▶ **BRIEF**
Copy verbatim the block of lines in the entries below whose first line contains "datatype 'v lit = Pos 'v | Neg 'v" and whose last line contains "type_synonym 'v lin". Leave out all other lines.

[Saved data entries]
————————
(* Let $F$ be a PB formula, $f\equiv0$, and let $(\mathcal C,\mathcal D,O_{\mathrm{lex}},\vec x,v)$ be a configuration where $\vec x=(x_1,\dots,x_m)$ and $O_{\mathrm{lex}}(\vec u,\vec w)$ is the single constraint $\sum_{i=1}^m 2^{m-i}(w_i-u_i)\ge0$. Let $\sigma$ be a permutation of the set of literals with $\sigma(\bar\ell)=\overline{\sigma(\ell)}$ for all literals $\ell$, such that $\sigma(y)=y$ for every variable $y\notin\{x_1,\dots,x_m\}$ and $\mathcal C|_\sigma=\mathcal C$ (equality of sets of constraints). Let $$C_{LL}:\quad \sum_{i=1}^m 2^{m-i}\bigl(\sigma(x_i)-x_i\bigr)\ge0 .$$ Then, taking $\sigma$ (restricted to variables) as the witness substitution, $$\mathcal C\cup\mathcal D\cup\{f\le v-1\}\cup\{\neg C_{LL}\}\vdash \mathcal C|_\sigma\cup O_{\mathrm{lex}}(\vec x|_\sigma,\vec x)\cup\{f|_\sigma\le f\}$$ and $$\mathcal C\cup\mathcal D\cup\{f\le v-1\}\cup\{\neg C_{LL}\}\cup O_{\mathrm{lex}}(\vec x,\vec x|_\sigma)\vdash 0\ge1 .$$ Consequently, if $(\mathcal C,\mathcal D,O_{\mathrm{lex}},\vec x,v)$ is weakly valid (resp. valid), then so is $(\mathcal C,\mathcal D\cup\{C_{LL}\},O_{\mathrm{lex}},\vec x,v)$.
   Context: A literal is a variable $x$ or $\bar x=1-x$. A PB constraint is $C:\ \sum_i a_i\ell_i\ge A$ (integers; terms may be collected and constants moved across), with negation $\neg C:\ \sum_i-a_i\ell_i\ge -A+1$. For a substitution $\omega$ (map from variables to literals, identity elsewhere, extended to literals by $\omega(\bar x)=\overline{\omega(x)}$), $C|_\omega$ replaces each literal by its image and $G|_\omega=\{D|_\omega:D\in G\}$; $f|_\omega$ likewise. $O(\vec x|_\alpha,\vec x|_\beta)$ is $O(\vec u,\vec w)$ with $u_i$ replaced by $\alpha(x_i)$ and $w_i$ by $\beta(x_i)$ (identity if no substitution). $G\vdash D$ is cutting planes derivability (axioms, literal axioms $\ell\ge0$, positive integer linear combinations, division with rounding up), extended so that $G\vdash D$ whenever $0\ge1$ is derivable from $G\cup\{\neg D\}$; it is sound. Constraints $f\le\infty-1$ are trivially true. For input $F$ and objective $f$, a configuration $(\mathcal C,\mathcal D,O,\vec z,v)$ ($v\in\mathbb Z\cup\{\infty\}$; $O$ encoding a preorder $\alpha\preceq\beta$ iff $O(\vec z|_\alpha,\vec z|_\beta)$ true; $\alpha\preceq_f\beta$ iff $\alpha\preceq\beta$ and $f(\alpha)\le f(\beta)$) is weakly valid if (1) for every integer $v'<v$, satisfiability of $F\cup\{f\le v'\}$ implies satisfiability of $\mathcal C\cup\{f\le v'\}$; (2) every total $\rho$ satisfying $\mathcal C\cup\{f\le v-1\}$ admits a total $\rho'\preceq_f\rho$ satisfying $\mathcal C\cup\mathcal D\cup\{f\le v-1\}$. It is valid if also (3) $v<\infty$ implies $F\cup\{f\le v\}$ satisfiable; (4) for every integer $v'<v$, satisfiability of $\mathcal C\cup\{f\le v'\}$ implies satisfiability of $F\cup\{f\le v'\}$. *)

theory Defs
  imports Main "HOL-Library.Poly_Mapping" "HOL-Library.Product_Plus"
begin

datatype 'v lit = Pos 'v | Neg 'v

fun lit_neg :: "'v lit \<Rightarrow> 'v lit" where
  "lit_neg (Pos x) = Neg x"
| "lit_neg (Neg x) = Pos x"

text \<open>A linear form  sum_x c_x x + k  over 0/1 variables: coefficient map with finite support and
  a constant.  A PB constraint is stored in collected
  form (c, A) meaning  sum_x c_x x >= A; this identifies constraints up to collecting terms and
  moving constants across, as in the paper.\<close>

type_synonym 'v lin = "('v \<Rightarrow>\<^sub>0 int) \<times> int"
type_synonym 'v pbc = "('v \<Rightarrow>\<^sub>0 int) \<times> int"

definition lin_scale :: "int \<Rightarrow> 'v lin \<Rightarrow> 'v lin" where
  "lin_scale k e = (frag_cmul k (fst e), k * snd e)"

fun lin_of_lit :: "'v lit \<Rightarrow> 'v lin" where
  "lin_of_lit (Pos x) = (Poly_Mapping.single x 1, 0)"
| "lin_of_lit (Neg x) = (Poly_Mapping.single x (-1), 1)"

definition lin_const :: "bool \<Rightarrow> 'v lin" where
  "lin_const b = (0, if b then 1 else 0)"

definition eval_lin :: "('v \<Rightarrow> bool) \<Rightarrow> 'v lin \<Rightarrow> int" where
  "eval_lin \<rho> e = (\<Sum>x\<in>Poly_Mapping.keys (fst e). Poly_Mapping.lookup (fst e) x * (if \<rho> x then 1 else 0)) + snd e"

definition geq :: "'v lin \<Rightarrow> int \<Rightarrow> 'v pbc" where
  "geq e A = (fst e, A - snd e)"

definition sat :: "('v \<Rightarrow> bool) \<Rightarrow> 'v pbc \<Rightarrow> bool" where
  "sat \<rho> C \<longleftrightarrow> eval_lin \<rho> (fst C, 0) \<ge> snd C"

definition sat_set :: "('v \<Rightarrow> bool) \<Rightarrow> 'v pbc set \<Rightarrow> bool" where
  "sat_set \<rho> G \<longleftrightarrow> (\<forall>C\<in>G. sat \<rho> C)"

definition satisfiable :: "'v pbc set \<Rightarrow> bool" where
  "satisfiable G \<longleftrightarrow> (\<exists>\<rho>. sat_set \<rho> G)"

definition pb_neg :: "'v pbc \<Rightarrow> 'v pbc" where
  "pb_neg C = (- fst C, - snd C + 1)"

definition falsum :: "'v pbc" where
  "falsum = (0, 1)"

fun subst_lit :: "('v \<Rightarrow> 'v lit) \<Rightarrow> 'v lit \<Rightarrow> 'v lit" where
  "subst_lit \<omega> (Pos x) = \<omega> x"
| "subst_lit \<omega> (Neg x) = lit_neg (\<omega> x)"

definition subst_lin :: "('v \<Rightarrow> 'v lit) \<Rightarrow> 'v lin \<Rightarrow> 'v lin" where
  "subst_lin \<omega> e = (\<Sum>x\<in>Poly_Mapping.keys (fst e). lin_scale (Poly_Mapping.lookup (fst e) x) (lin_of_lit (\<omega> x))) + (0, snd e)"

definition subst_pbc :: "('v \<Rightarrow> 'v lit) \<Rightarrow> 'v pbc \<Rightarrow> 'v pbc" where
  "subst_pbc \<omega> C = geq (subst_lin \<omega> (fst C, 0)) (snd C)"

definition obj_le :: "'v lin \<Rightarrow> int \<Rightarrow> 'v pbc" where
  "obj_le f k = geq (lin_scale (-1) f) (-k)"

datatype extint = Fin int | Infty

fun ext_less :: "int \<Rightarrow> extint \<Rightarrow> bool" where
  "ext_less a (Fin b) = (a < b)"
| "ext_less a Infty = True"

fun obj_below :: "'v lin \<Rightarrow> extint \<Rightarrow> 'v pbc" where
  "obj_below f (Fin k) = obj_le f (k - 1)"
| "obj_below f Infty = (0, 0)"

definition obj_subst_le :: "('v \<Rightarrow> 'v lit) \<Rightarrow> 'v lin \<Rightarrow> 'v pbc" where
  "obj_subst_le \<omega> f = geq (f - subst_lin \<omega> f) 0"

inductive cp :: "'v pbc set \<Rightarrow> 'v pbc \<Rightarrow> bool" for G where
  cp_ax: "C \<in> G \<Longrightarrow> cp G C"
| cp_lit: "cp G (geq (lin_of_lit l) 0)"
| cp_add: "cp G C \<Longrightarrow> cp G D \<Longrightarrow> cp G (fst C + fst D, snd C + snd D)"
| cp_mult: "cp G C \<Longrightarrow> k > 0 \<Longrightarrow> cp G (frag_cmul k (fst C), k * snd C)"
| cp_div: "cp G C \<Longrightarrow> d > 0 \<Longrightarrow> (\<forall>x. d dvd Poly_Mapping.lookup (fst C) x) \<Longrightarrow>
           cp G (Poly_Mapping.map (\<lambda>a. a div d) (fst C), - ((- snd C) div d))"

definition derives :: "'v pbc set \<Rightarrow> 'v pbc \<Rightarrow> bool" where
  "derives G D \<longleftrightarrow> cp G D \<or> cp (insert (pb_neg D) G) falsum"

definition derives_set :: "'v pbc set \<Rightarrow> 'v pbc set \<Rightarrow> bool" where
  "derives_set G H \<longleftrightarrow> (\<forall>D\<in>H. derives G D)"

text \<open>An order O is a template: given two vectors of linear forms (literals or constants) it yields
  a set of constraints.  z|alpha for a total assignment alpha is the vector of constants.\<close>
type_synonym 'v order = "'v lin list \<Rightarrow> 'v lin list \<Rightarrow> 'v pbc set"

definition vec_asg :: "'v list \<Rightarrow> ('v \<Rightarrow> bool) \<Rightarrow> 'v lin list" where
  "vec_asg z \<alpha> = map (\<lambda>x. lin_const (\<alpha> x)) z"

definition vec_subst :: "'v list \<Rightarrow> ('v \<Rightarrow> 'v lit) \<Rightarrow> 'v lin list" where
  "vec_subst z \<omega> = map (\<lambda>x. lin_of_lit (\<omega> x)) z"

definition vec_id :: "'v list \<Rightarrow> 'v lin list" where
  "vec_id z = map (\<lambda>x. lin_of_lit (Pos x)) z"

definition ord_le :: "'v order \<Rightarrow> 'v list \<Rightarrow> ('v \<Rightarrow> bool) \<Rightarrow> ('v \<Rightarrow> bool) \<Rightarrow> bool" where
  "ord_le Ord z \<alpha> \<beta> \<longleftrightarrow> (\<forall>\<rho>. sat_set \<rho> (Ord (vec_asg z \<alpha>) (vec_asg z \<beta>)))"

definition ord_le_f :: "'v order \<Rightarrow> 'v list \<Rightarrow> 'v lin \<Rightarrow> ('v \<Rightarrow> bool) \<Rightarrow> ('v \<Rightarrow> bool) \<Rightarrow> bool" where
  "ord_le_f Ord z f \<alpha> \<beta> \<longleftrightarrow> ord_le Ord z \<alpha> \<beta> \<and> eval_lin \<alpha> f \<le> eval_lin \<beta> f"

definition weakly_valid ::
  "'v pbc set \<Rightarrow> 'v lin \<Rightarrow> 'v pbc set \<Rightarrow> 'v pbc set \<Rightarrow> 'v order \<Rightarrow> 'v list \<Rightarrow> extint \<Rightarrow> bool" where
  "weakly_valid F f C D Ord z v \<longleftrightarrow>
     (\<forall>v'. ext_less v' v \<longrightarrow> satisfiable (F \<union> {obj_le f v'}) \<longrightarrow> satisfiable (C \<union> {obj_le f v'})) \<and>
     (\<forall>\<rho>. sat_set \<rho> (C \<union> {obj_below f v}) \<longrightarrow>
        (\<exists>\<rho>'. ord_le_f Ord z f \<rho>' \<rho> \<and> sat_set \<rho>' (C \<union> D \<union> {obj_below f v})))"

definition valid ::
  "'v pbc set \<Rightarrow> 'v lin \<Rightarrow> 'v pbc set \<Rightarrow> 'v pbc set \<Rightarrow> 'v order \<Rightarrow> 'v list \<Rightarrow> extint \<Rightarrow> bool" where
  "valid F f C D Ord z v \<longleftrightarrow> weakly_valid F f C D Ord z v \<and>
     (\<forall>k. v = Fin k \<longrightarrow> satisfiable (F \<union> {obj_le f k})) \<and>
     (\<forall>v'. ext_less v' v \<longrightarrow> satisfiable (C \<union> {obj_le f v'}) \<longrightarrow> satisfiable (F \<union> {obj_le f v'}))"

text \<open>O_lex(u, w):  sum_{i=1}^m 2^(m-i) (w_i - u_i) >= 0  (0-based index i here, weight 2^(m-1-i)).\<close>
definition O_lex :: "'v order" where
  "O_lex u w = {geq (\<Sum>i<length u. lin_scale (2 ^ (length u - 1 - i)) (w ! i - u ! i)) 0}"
————————
▶ **SOLUTION TO THE PROBLEM**
datatype 'v lit = Pos 'v | Neg 'v

fun lit_neg :: "'v lit \<Rightarrow> 'v lit" where
  "lit_neg (Pos x) = Neg x"
| "lit_neg (Neg x) = Pos x"

text \<open>A linear form  sum_x c_x x + k  over 0/1 variables: coefficient map with finite support and
  a constant.  A PB constraint is stored in collected
  form (c, A) meaning  sum_x c_x x >= A; this identifies constraints up to collecting terms and
  moving constants across, as in the paper.\<close>

type_synonym 'v lin = "('v \<Rightarrow>\<^sub>0 int) \<times> int"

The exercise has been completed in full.